A chegada ao topo do Portal marcou o encontro com o segundo grupo, que iria percorrer o Trilho Palhais. Depois dos cumprimentos iniciámos a descida pela cascata da ribeira. Pelo meio surgiram algumas dificuldades de progressão. Tendo em conta a heterogeneidade do grupo, talvez a escolha do percurso não tivesse sido a mais oportuna. Porém, os participantes souberam vencer o desafio. A promessa do trilho foi sendo adiada a jusante da ribeira, mas lá acabou por concretizar-se. Já tinha passado em parte deste percurso, mas nunca tinha ido até à Drave por ali. Fiquei agradavelmente surpreendido e talvez venha a repetir, fazendo a subida desde a aldeia.
Qualquer que seja o caminho que se tome para a Drave, o seu avistamento é sempre um momento de encanto. Com esta abordagem, creio que já percorri todas as encostas e ribeiras que a criaram. E é sempre um regresso a uma essência perdida no tempo. Creio que de cada vez que um português encontra a Drave, redescobre séculos de nacionalidade, presa pelos contrafortes da Serra da Arada, num dos espaços mais edílicos do país.

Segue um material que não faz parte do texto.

(* Let $X\subset\mathbb{R}^n$ be nonempty convex compact with $\|x_1-x_2\|_2\le D_X$, $c\in(0,1]$, $f(x)=\mathbb{E}[F(x,\xi)]$ $L_f$-Lipschitz on $X$, with oracle samples satisfying $\mathbb{E}\|F'(x,\xi)-f'(x)\|_2^2\le\sigma_f^2$ and $\mathbb{E}[(F(x,\xi)-f(x))^2]\le\beta^2$. Let $\delta>0$ and let $Y_\delta\subset\mathbb{R}$ be an interval of length $2(L_fD_X+\delta)$ such that $f(x)\in Y_\delta$ for all $x\in X$; let $\Lambda=[0,1]$. For $z>0$ define $\mathcal{L}'_x=\frac{2c}{z}(F(x,\xi)-y)_+F'(x,\xi)+\lambda F'(x,\xi)$, $\mathcal{L}'_y=-\frac{2c}{z}(F(x,\xi)-y)_++1-\lambda$, $\mathcal{L}'_z=-\frac c{z^2}(F(x,\xi)-y)_+^2+\frac c4$, $\mathcal{L}'_\lambda=F(x,\xi)-y$. Then for any $x\in X$, $y\in Y_\delta$, $z>0$, $\lambda\in\Lambda$: (a) $\mathbb{E}[(\mathcal{L}'_y)^2]\le\frac{12c^2}{z^2}[\beta^2+4(L_fD_X+\delta)^2]+3$; (b) $\mathbb{E}[(\mathcal{L}'_\lambda)^2]\le2\beta^2+8(L_fD_X+\delta)^2$; if moreover $\mathbb{E}[(F(x,\xi)-f(x))_+^4]\le M_f^4$ for all $x\in X$, then (d) $\mathbb{E}[(\mathcal{L}'_z)^2]\le\frac{12c^2}{z^4}[M_f^4+16(L_fD_X+\delta)^4]+\frac{3c^2}{16}$; and if, with $G(x,\xi)=(F(x,\xi)-f(x))_+^2$, $\mathbb{E}\|G'(x,\xi)\|_2^2\le L_G^2$ for all $x\in X$, then (c) $\mathbb{E}\|\mathcal{L}'_x\|_2^2\le\frac{3c^2}{z^2}[L_G^2+4L_f^2\beta^2+64(L_f^2+\sigma_f^2)(L_fD_X+\delta)^2]+12(L_f^2+\sigma_f^2)$.
   Context: $(a)_+=\max\{a,0\}$. $F(\cdot,\xi)$ is convex; $F'(x,\xi)$ is a stochastic subgradient returned by an oracle, unbiased for a subgradient $f'(x)$ of $f$; $F(x,\xi)$ is unbiased for $f(x)$.
   Formalization: The subgradient f'(x) has norm at most $L_f$ for every x in X, and $G'(x,\xi)$ in (c) is $2(F(x,\xi)-f(x))_+(F'(x,\xi)-f'(x))$. The paper assumes this as well. *)

theory Defs
  imports "HOL-Probability.Probability"
begin

definition pos_part :: "real \<Rightarrow> real" where
  "pos_part a = max a 0"

text \<open>Stochastic partial derivatives of the Lagrangian, as in the paper.
  Fx = F(x,xi), Fx' = F'(x,xi).\<close>
definition Lx' :: "real \<Rightarrow> real \<Rightarrow> real \<Rightarrow> real \<Rightarrow> real \<Rightarrow> 'v::real_vector \<Rightarrow> 'v" where
  "Lx' c y z lam Fx Fx' = (2 * c / z * pos_part (Fx - y)) *\<^sub>R Fx' + lam *\<^sub>R Fx'"

definition Ly' :: "real \<Rightarrow> real \<Rightarrow> real \<Rightarrow> real \<Rightarrow> real \<Rightarrow> real" where
  "Ly' c y z lam Fx = - (2 * c / z) * pos_part (Fx - y) + 1 - lam"

definition Lz' :: "real \<Rightarrow> real \<Rightarrow> real \<Rightarrow> real \<Rightarrow> real" where
  "Lz' c y z Fx = - (c / z^2) * (pos_part (Fx - y))^2 + c / 4"

definition Llam' :: "real \<Rightarrow> real \<Rightarrow> real" where
  "Llam' y Fx = Fx - y"

text \<open>Stochastic (sub)gradient of G(x,xi) = (F(x,xi) - f(x))_+^2 by the chain rule:
  G'(x,xi) = 2 (F(x,xi) - f(x))_+ (F'(x,xi) - f'(x)).\<close>
definition Gprime :: "real \<Rightarrow> real \<Rightarrow> 'v::real_vector \<Rightarrow> 'v \<Rightarrow> 'v" where
  "Gprime Fx fx Fx' fx' = (2 * pos_part (Fx - fx)) *\<^sub>R (Fx' - fx')"

end

(* All four bounds are pointwise estimates followed by taking expectations. Since f x and y lie in
   the same interval of length r = 2 (L_f D_X + delta), one has (F - y)_+ <= (F - f x)_+ + r, and
   norm F' <= norm (F' - f' x) + L_f. Substituting these into each derivative and expanding squares
   with (a_1 + ... + a_k)^2 <= k (a_1^2 + ... + a_k^2) bounds its square by a nonnegative combination
   of (F - f x)^2, (F - f x)_+^4, norm G'^2 and norm (F' - f' x)^2 plus a constant, and the moment
   hypotheses bound the expectation of each term. *)

theory Submission
  imports Defs
begin

lemma square_add_le: "((a::real) + b)\<^sup>2 \<le> 2 * (a\<^sup>2 + b\<^sup>2)"
proof -
  have "0 \<le> (a - b)\<^sup>2" by simp
  then show ?thesis by (simp add: power2_eq_square algebra_simps)
qed

lemma square_add3_le: "((a::real) + b + c)\<^sup>2 \<le> 3 * (a\<^sup>2 + b\<^sup>2 + c\<^sup>2)"
proof -
  have "0 \<le> (a - b)\<^sup>2 + (b - c)\<^sup>2 + (a - c)\<^sup>2" by simp
  then show ?thesis by (simp add: power2_eq_square algebra_simps)
qed

lemma square_diff_le:
  assumes "0 \<le> (a::real)" "0 \<le> b"
  shows "(a - b)\<^sup>2 \<le> a\<^sup>2 + b\<^sup>2"
  using assms by (simp add: power2_eq_square algebra_simps)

À Drave já tinham chegado outros participantes do evento. Havia também muitos escuteiros por lá, que paulatinamente vão recuperando algumas casas da aldeia. Apesar de abandonada, apenas nas noites invernais está realmente só. O almoço volante na aldeia serviu para descansar e apreciar o cenário envolvente. Depois da foto, seguiu-se uma sobremesa exigente. Entre o trilho mais longo e o mais íngreme, a maioria acabou por escolher este último, seguindo pelo antigo caminho que fazia a ligação entre a Drave e Gourim. A subida da encosta deixou algumas marcas e o grupo esticou-se e dividiu-se.

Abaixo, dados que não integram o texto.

lemma scalar_ode_tendsto_zero:
  fixes z g :: "real \<Rightarrow> complex"
  assumes der: "\<And>t. t > a \<Longrightarrow> (z has_vector_derivative (c * z t + g t)) (at t)"
    and "Re c < 0" and g: "(g \<longlongrightarrow> 0) at_top"
  shows "(z \<longlongrightarrow> 0) at_top"
proof (rule tendstoI)
  fix e :: real assume "e > 0"
  define \<epsilon> where "\<epsilon> = e / 2"
  define r where "r = - Re c * \<epsilon> / 2"
  have "\<epsilon> > 0" "r > 0" using \<open>e > 0\<close> \<open>Re c < 0\<close> by (simp_all add: \<epsilon>_def r_def mult_neg_pos)
  then obtain T0 where T0: "\<And>t. t \<ge> T0 \<Longrightarrow> norm (g t) < r"
    using tendstoD[OF g \<open>r > 0\<close>] by (auto simp: eventually_at_top_linorder)
  define T where "T = max T0 (a + 1)"
  define h where "h t = z t \<bullet> z t" for t
  define h' where "h' t = 2 * (z t \<bullet> (c * z t + g t))" for t
  have "(h has_real_derivative h' t) (at t)" if "t \<ge> T" for t
  proof -
    have "(z has_derivative (\<lambda>k. k *\<^sub>R (c * z t + g t))) (at t)"
      using der[of t] that by (simp add: T_def has_vector_derivative_def)
    from has_derivative_inner[OF this this] show ?thesis
      unfolding has_field_derivative_def h_def h'_def
      by (rule has_derivative_eq_rhs) (auto simp: inner_commute[of "z t"] algebra_simps)
  qed
  moreover have "h' t \<le> Re c * \<epsilon>\<^sup>2" if "t \<ge> T" and "h t \<ge> \<epsilon>\<^sup>2" for t
  proof -
    define w where "w = norm (z t)"
    have "\<epsilon> \<le> w"
      using that(2) \<open>\<epsilon> > 0\<close> by (simp add: h_def w_def dot_square_norm abs_le_square_iff)
    have "z t \<bullet> (c * z t) = Re c * w\<^sup>2"
      unfolding w_def cmod_power2 by (simp add: inner_complex_def algebra_simps power2_eq_square)
    moreover have "z t \<bullet> g t \<le> w * r"
      using norm_cauchy_schwarz[of "z t" "g t"] T0[of t] \<open>t \<ge> T\<close>
        mult_left_mono[of "norm (g t)" r w]
      by (auto simp: w_def T_def)
    ultimately have "h' t \<le> 2 * (Re c * w\<^sup>2 + w * r)"
      by (simp add: h'_def inner_add_right)
    also have "\<dots> \<le> Re c * w\<^sup>2"
      using \<open>\<epsilon> \<le> w\<close> \<open>Re c < 0\<close> \<open>\<epsilon> > 0\<close>
      by (simp add: r_def power2_eq_square)
    also have "\<dots> \<le> Re c * \<epsilon>\<^sup>2"
      using \<open>\<epsilon> \<le> w\<close> \<open>\<epsilon> > 0\<close> \<open>Re c < 0\<close> by (simp add: power_mono)
    finally show ?thesis .
  qed
  ultimately have "eventually (\<lambda>t. h t \<le> \<epsilon>\<^sup>2) at_top"
    using \<open>\<epsilon> > 0\<close> \<open>Re c < 0\<close>
    by (intro eventually_le_of_deriv_le_neg[where d = "- Re c * \<epsilon>\<^sup>2"]) (auto simp: mult_neg_pos)
  then show "eventually (\<lambda>t. dist (z t) 0 < e) at_top"
    by (rule eventually_mono)
      (use \<open>\<epsilon> > 0\<close> in \<open>auto simp: h_def dot_square_norm \<epsilon>_def power2_le_iff_abs_le\<close>)
qed

context includes no vec_syntax
begin

lemma index_mult_mat_vec_sum:
  assumes "M \<in> carrier_mat m n" "v \<in> carrier_vec n" "i < m"
  shows "(M *\<^sub>v v) $ i = (\<Sum>j\<in>{0..<n}. M $$ (i, j) * v $ j)"
  using assms by (auto simp: scalar_prod_def intro!: sum.cong)

lemma mult_mat_vec_has_vector_derivative:
  fixes M :: "'a::real_normed_field mat" and X :: "real \<Rightarrow> 'a Matrix.vec"
  assumes M: "M \<in> carrier_mat m n" and X: "\<And>s. X s \<in> carrier_vec n" and X': "X' \<in> carrier_vec n"
    and der: "\<And>j. j < n \<Longrightarrow> ((\<lambda>s. X s $ j) has_vector_derivative X' $ j) F"
    and "i < m"
  shows "((\<lambda>s. (M *\<^sub>v X s) $ i) has_vector_derivative (M *\<^sub>v X') $ i) F"
proof -
  have "((\<lambda>s. \<Sum>j\<in>{0..<n}. M $$ (i, j) * X s $ j) has_vector_derivative
          (\<Sum>j\<in>{0..<n}. M $$ (i, j) * X' $ j)) F"
    by (intro has_vector_derivative_sum has_vector_derivative_mult_right der) simp
  then show ?thesis
    using index_mult_mat_vec_sum[OF M _ \<open>i < m\<close>] X X' by simp
qed

lemma mult_mat_vec_tendsto_zero:
  fixes M :: "'a::real_normed_field mat" and X :: "'b \<Rightarrow> 'a Matrix.vec"
  assumes M: "M \<in> carrier_mat m n" and X: "\<And>s. X s \<in> carrier_vec n"
    and lim: "\<And>j. j < n \<Longrightarrow> ((\<lambda>s. X s $ j) \<longlongrightarrow> 0) F"
    and "i < m"
  shows "((\<lambda>s. (M *\<^sub>v X s) $ i) \<longlongrightarrow> 0) F"
proof -
  have "((\<lambda>s. \<Sum>j\<in>{0..<n}. M $$ (i, j) * X s $ j) \<longlongrightarrow> 0) F"
    by (intro tendsto_null_sum tendsto_mult_right_zero lim) simp
  then show ?thesis
    using index_mult_mat_vec_sum[OF M X \<open>i < m\<close>] by simp
qed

Lá em cima, com a Serra da Arada estendida em encostas tamanhas, reencontrámos uma vista alargada sobre a paisagem envolvente. A partir daqui, os objetivos alteraram-se e os participantes seguiram o seu ritmo, atalhando conforme as circunstâncias. Seguindo pelo topo da encosta, contornámos os vislumbres sobre a Drave e descemos depois para a outra vertente, onde reencontrámos a ribeira de Palhais. Fiquei por ali mais algum tempo à espera da chegada dos últimos participantes e acabei por seguir à boleia para a Pena. Caiu entretanto um nevoeiro sebastiânico e paisagem fechou-se em silêncio. Chegado à aldeia ainda fui a tempo dos petiscos e das bebidas de conforto.
Terminou assim mais um GeoTrail Montanhas Mágicas. Apesar das peripécias, foi um bom dia pela montanha, de corridas e aventuras. Muito obrigado a todos pela presença!